A positive trend is shown for the development of SPD technology, particularly for using the greenhouse concept. It accelerates the drying process, reduces the soiling risk, and produces a higher quality of dried product. Modification for the system is relatively simple, including the possibility to combine the system with renewable electric sources like wind turbines and photovoltaic [5-7]. It reduces the total drying duration and allows a higher ratio to harvest renewable energy for the drying process. From the industrial perspective, the system is combined with a biomass burner by extracting heat from waste combustion. Therefore, adding more energy to the system becomes a crucial aspect to optimize the SPD technology.
The key function for drying bioproducts is the dehydration process. It involves heat and mass transfer, especially for a closed dryer unit. Sharma et al. [8] assessed the operation of indirect drying, which was equipped with an air heater, indicating a better heat utilization for the proposed model around 67%. Singh and Gaur [9] focused on the sustainability assessment for hybrid SPD technology, demonstrating that the combined system with energy addition from external solar utilization leads to faster drying, removing 84.6% of water content from the product within 10 hours. Selimefendigil et al. [10] utilized a passive method for accelerating the drying. The system was equipped with graphene nanoplatelets for the paint decoration within the SPD system, resulting in a double increment of the exergy efficiency compared to the basic SPD system. Despite the improvement, the system still requires modification to ensure its operation during nighttime without the intervention of solar radiation. At this point, the heat storage apparatus (HSA) becomes a reliable option to obtain continuous operation of the SPD system.

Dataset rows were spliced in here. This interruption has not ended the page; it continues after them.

(* Let $M\subset E^2$ be a centrally symmetric convex body with center of symmetry $o$. For every triangle $\Delta$ inscribed in $M$ (i.e. with all vertices in the boundary of $M$) whose centroid is $o$, we have $M\subset 3\Delta$, where $3\Delta$ denotes the image of $\Delta$ under the homothety with center $o$ and ratio $3$.
   Context: A convex body is a compact convex set with nonempty interior. The centroid of a triangle is the average of its three vertices. *)

theory Defs
  imports "HOL-Analysis.Analysis"
begin

definition convex_body :: "(real^2) set \<Rightarrow> bool" where
  "convex_body M \<longleftrightarrow> compact M \<and> convex M \<and> interior M \<noteq> {}"

definition centrally_symmetric_about :: "(real^2) set \<Rightarrow> real^2 \<Rightarrow> bool" where
  "centrally_symmetric_about M z \<longleftrightarrow> (\<forall>x\<in>M. 2 *\<^sub>R z - x \<in> M)"

definition homothety :: "real^2 \<Rightarrow> real \<Rightarrow> real^2 \<Rightarrow> real^2" where
  "homothety c r x = c + r *\<^sub>R (x - c)"

end

theory Submission
  imports Defs
begin

(* Put the centre z at the origin, so that a + b + c = 0. By symmetry M contains
   -b = a + c and -c = a + b, so a support line of M at the boundary point a has both
   on one side; hence M contains no point a - \<lambda> c - \<mu> b with \<lambda>, \<mu> > 0, for the support
   functional would then vanish on b and c. Writing x = \<alpha> b + \<beta> c, this excludes
   \<alpha>, \<beta> < -1, and symmetry once more excludes \<alpha>, \<beta> > 1. The six excluded open cones,
   at \<plusminus>a, \<plusminus>b, \<plusminus>c, cover the complement of 3\<Delta>. *)

lemma span_eq_UNIV_if_not_collinear:
  fixes a b c :: "'a::euclidean_space"
  assumes "DIM('a) = 2" and "\<not> collinear {a, b, c}"
  shows "span {b - a, c - a} = UNIV"
proof -
  have distinct: "a \<notin> {b, c}" "b \<noteq> c" and "\<not> affine_dependent {a, b, c}"
    using assms(2) collinear_3_eq_affine_dependent by blast+
  then have "independent {b - a, c - a}"
    using affine_dependent_iff_dependent[of a "{b, c}"] by simp
  moreover have "card {b - a, c - a} = DIM('a)"
    using assms(1) distinct by auto
  ultimately show ?thesis
    using card_ge_dim_independent[of "{b - a, c - a}" UNIV] by auto
qed

lemma frontier_point_opposite_cone_notin:
  fixes M :: "'a::euclidean_space set"
  assumes "convex M" and "interior M \<noteq> {}" and "p \<in> frontier M"
    and "p + e \<in> M" and "p + f \<in> M" and "span {e, f} = UNIV"
    and "s > 0" and "t > 0"
  shows "p - s *\<^sub>R e - t *\<^sub>R f \<notin> M"
proof
  assume inside: "p - s *\<^sub>R e - t *\<^sub>R f \<in> M"
  have "p \<in> closure M" "p \<notin> rel_interior M"
    using assms(2,3) by (auto simp: frontier_def rel_interior_nonempty_interior)
  then obtain d where "d \<noteq> 0" and supp: "\<And>y. y \<in> M \<Longrightarrow> d \<bullet> p \<le> d \<bullet> y"
    using supporting_hyperplane_relative_frontier[OF assms(1)] closure_subset by (metis subsetD)
  have "0 \<le> d \<bullet> e" "0 \<le> d \<bullet> f" "0 \<le> - s * (d \<bullet> e) - t * (d \<bullet> f)"
    using supp[OF assms(4)] supp[OF assms(5)] supp[OF inside]
    by (simp_all add: inner_diff_right inner_add_right)
  then have "s * (d \<bullet> e) = 0" "t * (d \<bullet> f) = 0"
    using assms(7,8) mult_nonneg_nonneg[of s "d \<bullet> e"] mult_nonneg_nonneg[of t "d \<bullet> f"]
    by linarith+
  then have "d \<bullet> e = 0" "d \<bullet> f = 0"
    using assms(7,8) by simp_all
  then have "orthogonal d d"
    using orthogonal_to_span[of d "{e, f}" d] assms(6) by (auto simp: orthogonal_def)
  with \<open>d \<noteq> 0\<close> show False
    by (simp add: orthogonal_self)
qed

lemma span_pair_coordinates:
  fixes u v w :: "'a::real_vector"
  assumes "span {u, v} = UNIV"
  obtains s t where "w = s *\<^sub>R u + t *\<^sub>R v"
proof -
  obtain s where "w - s *\<^sub>R u \<in> span {v}"
    using span_breakdown_eq[of w u "{v}"] assms by auto
  then obtain t where "w - s *\<^sub>R u = t *\<^sub>R v"
    by (auto simp: span_singleton)
  then have "w = s *\<^sub>R u + t *\<^sub>R v"
    by (simp add: algebra_simps)
  then show ?thesis ..
qed

lemma centroid_vertex_diff:
  fixes p q r z :: "'a::real_vector"
  assumes "p + q + r = 3 *\<^sub>R z"
  shows "p - z = - (q - z) - (r - z)"
  using assms scaleR_add_left[of 2 1 z] by (simp add: algebra_simps scaleR_2)

lemma centroid_triangle_span:
  fixes p q r z :: "'a::euclidean_space"
  assumes "DIM('a) = 2" and "\<not> collinear {p, q, r}" and "p + q + r = 3 *\<^sub>R z"
  shows "span {q - z, r - z} = UNIV"
proof -
  have "q - p = 2 *\<^sub>R (q - z) + (r - z)" "r - p = (q - z) + 2 *\<^sub>R (r - z)"
    using centroid_vertex_diff[OF assms(3)] by (simp_all add: algebra_simps scaleR_2)
  then have "span {q - p, r - p} \<subseteq> span {q - z, r - z}"
    by (simp add: span_minimal span_add span_scale span_base)
  then show ?thesis
    using span_eq_UNIV_if_not_collinear[OF assms(1,2)] by blast
qed

lemma centrally_symmetric_vertex_coords_bound:
  fixes M :: "(real^2) set" and z p q r x :: "real^2"
  assumes "convex M" and "interior M \<noteq> {}" and "centrally_symmetric_about M z"
    and "p \<in> frontier M" and "q \<in> M" and "r \<in> M"
    and "\<not> collinear {p, q, r}" and "p + q + r = 3 *\<^sub>R z"
    and "x \<in> M" and "x - z = \<alpha> *\<^sub>R (q - z) + \<beta> *\<^sub>R (r - z)"
  shows "(-1 \<le> \<alpha> \<or> -1 \<le> \<beta>) \<and> (\<alpha> \<le> 1 \<or> \<beta> \<le> 1)"
proof -
  have p_eq: "p = z - (q - z) - (r - z)"
    using centroid_vertex_diff[OF assms(8)] by (simp add: algebra_simps)
  have span: "span {q - z, r - z} = UNIV"
    using centroid_triangle_span[OF _ assms(7,8)] by simp
  have reflect: "2 *\<^sub>R z - y \<in> M" if "y \<in> M" for y
    using assms(3) that unfolding centrally_symmetric_about_def by blast
  have "p + (q - z) = 2 *\<^sub>R z - r" "p + (r - z) = 2 *\<^sub>R z - q"
    by (simp_all add: p_eq algebra_simps scaleR_2)
  then have "p + (q - z) \<in> M" "p + (r - z) \<in> M"
    using reflect[OF assms(6)] reflect[OF assms(5)] by simp_all
  have cone: "-1 \<le> \<alpha>' \<or> -1 \<le> \<beta>'"
    if "y \<in> M" and "y - z = \<alpha>' *\<^sub>R (q - z) + \<beta>' *\<^sub>R (r - z)" for y \<alpha>' \<beta>'
  proof (rule ccontr)
    assume "\<not> (-1 \<le> \<alpha>' \<or> -1 \<le> \<beta>')"
    then have "p - (-1 - \<alpha>') *\<^sub>R (q - z) - (-1 - \<beta>') *\<^sub>R (r - z) \<notin> M"
      using frontier_point_opposite_cone_notin[OF assms(1,2,4) \<open>p + (q - z) \<in> M\<close> \<open>p + (r - z) \<in> M\<close> span]
      by simp
    moreover have "p - (-1 - \<alpha>') *\<^sub>R (q - z) - (-1 - \<beta>') *\<^sub>R (r - z) = y"
      using that(2) by (subst p_eq) (simp add: algebra_simps)
    ultimately show False
      using that(1) by simp
  qed
  have "(2 *\<^sub>R z - x) - z = (- \<alpha>) *\<^sub>R (q - z) + (- \<beta>) *\<^sub>R (r - z)"
    using assms(10) by (simp add: algebra_simps scaleR_2)
  then have "-1 \<le> - \<alpha> \<or> -1 \<le> - \<beta>"
    using cone reflect[OF assms(9)] by blast
  then show ?thesis
    using cone[OF assms(9,10)] by linarith
qed

lemma homothety_3_centroid_triangleI:
  fixes z a b c x :: "real^2"
  assumes "a + b + c = 3 *\<^sub>R z" and "x - z = s *\<^sub>R (a - z) + t *\<^sub>R (b - z)"
    and "-3 \<le> 2 * s - t" and "-3 \<le> 2 * t - s" and "s + t \<le> 3"
  shows "x \<in> homothety z 3 ` (convex hull {a, b, c})"
proof -
  define y where "y = z + (1/3) *\<^sub>R (x - z)"
  have "x = homothety z 3 y"
    unfolding homothety_def y_def by simp
  moreover have "y = ((3 + 2 * s - t) / 9) *\<^sub>R a + ((3 + 2 * t - s) / 9) *\<^sub>R b + ((3 - s - t) / 9) *\<^sub>R c"
  proof -
    have x_eq: "x = z + s *\<^sub>R (a - z) + t *\<^sub>R (b - z)"
      using assms(2) by (simp add: algebra_simps)
    have c_eq: "c = z - (a - z) - (b - z)"
      using centroid_vertex_diff[of c a b z] assms(1) by (simp add: algebra_simps)
    show ?thesis
      unfolding y_def x_eq c_eq by (simp add: vec_eq_iff field_simps)
  qed
  then have "y \<in> convex hull {a, b, c}"
    using assms(3-5) unfolding convex_hull_3 by (fastforce simp: field_simps)
  ultimately show ?thesis
    by blast
qed

theorem mainTheorem2:
  fixes M :: "(real^2) set" and z a b c :: "real^2"
  assumes "convex_body M"
    and "centrally_symmetric_about M z"
    and "a \<in> frontier M" and "b \<in> frontier M" and "c \<in> frontier M"
    and "\<not> collinear {a, b, c}"
    and "(1/3) *\<^sub>R (a + b + c) = z"
  shows "M \<subseteq> homothety z 3 ` (convex hull {a, b, c})"
proof
  fix x assume "x \<in> M"
  have "convex M" "closed M" "interior M \<noteq> {}"
    using assms(1) unfolding convex_body_def by (auto simp: compact_imp_closed)
  then have "a \<in> M" "b \<in> M" "c \<in> M"
    using assms(3-5) frontier_subset_closed by blast+
  have sum: "a + b + c = 3 *\<^sub>R z"
    using assms(7) by auto
  have "span {a - z, b - z} = UNIV"
    using centroid_triangle_span[of c a b] assms(6) sum by (simp add: insert_commute add_ac)
  then obtain s t where st: "x - z = s *\<^sub>R (a - z) + t *\<^sub>R (b - z)"
    by (rule span_pair_coordinates)
  have c_eq: "c - z = - (a - z) - (b - z)"
    using centroid_vertex_diff[of c a b z] sum by (simp add: add_ac)
  note vertex_bound = centrally_symmetric_vertex_coords_bound[OF \<open>convex M\<close> \<open>interior M \<noteq> {}\<close> assms(2)]
  have "(-1 \<le> t - s \<or> -1 \<le> - s) \<and> (t - s \<le> 1 \<or> - s \<le> 1)"
    by (rule vertex_bound[OF assms(3) \<open>b \<in> M\<close> \<open>c \<in> M\<close> assms(6) sum \<open>x \<in> M\<close>])
       (simp add: st c_eq algebra_simps)
  moreover have "(-1 \<le> - t \<or> -1 \<le> s - t) \<and> (- t \<le> 1 \<or> s - t \<le> 1)"
    by (rule vertex_bound[OF assms(4) \<open>c \<in> M\<close> \<open>a \<in> M\<close> _ _ \<open>x \<in> M\<close>])
       (use assms(6) sum in \<open>simp_all add: st c_eq algebra_simps insert_commute\<close>)
  moreover have "(-1 \<le> s \<or> -1 \<le> t) \<and> (s \<le> 1 \<or> t \<le> 1)"
    by (rule vertex_bound[OF assms(5) \<open>a \<in> M\<close> \<open>b \<in> M\<close> _ _ \<open>x \<in> M\<close> st])
       (use assms(6) sum in \<open>simp_all add: insert_commute add_ac\<close>)
  ultimately have "-3 \<le> 2 * s - t" "-3 \<le> 2 * t - s" "s + t \<le> 3"
    by linarith+
  then show "x \<in> homothety z 3 ` (convex hull {a, b, c})"
    using homothety_3_centroid_triangleI[OF sum st] by blast
qed

end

The excess solar energy in the daytime is possible to be stored in the HSA. It is achieved by heating the material within the system, which generally uses a solid-liquid transition material [11-14]. The system is developed extensively, including the modification of the storage material [15-17], optimization for the heat exchanger within the system [18], and system integration [19-21]. The apparatus is combined for the SPD system, indicating a suitable drying performance. Rouzegar et al. [22] developed a hybrid SPD with air-charged HSA, showing that the drying capability improved by around 74.06%. Mirzaee et al. [23] evaluated the location of HSA within the SPD system, indicating that certain influence on the drying efficiency can be influenced by the location of the HSA, while a positive outcome remains achieved for the system equipped with HSA. Numerical assessment was performed by Lad et al. [24], focusing on the combined tube collector with HSA, showing that the combined system is preferable to reduce the total drying time of the processed product.
The integration for SPD-HSA comes in various approaches. Chaatouf et al. integrated the system by placing the storage material within a container tube, which was designed according regenerator concept, indicating the drying duration decreased about 33.3% [25]. A straightforward method is employed by combining the HSA and the air heater. The proposed method indicated that the power quality and storage efficiency were affected by the type of storage material, while the general result indicated a better temperature outlet of the integrated air heater with HSA [26]. Numerical optimization was performed for the given model. It showed that the tilt angle of the collector affects the maximum solar absorption and a higher mass flow rate [27]. Integrating the HSA with an air heater results in a simple configuration since the working fluid is air, which can be directly used for supplying hot temperature to the drying chamber [28]. However, direct operation has a significant drawback regarding the flexibility of the operation and the temperature limitation of the HSA since it relies on the surface temperature of the air heater.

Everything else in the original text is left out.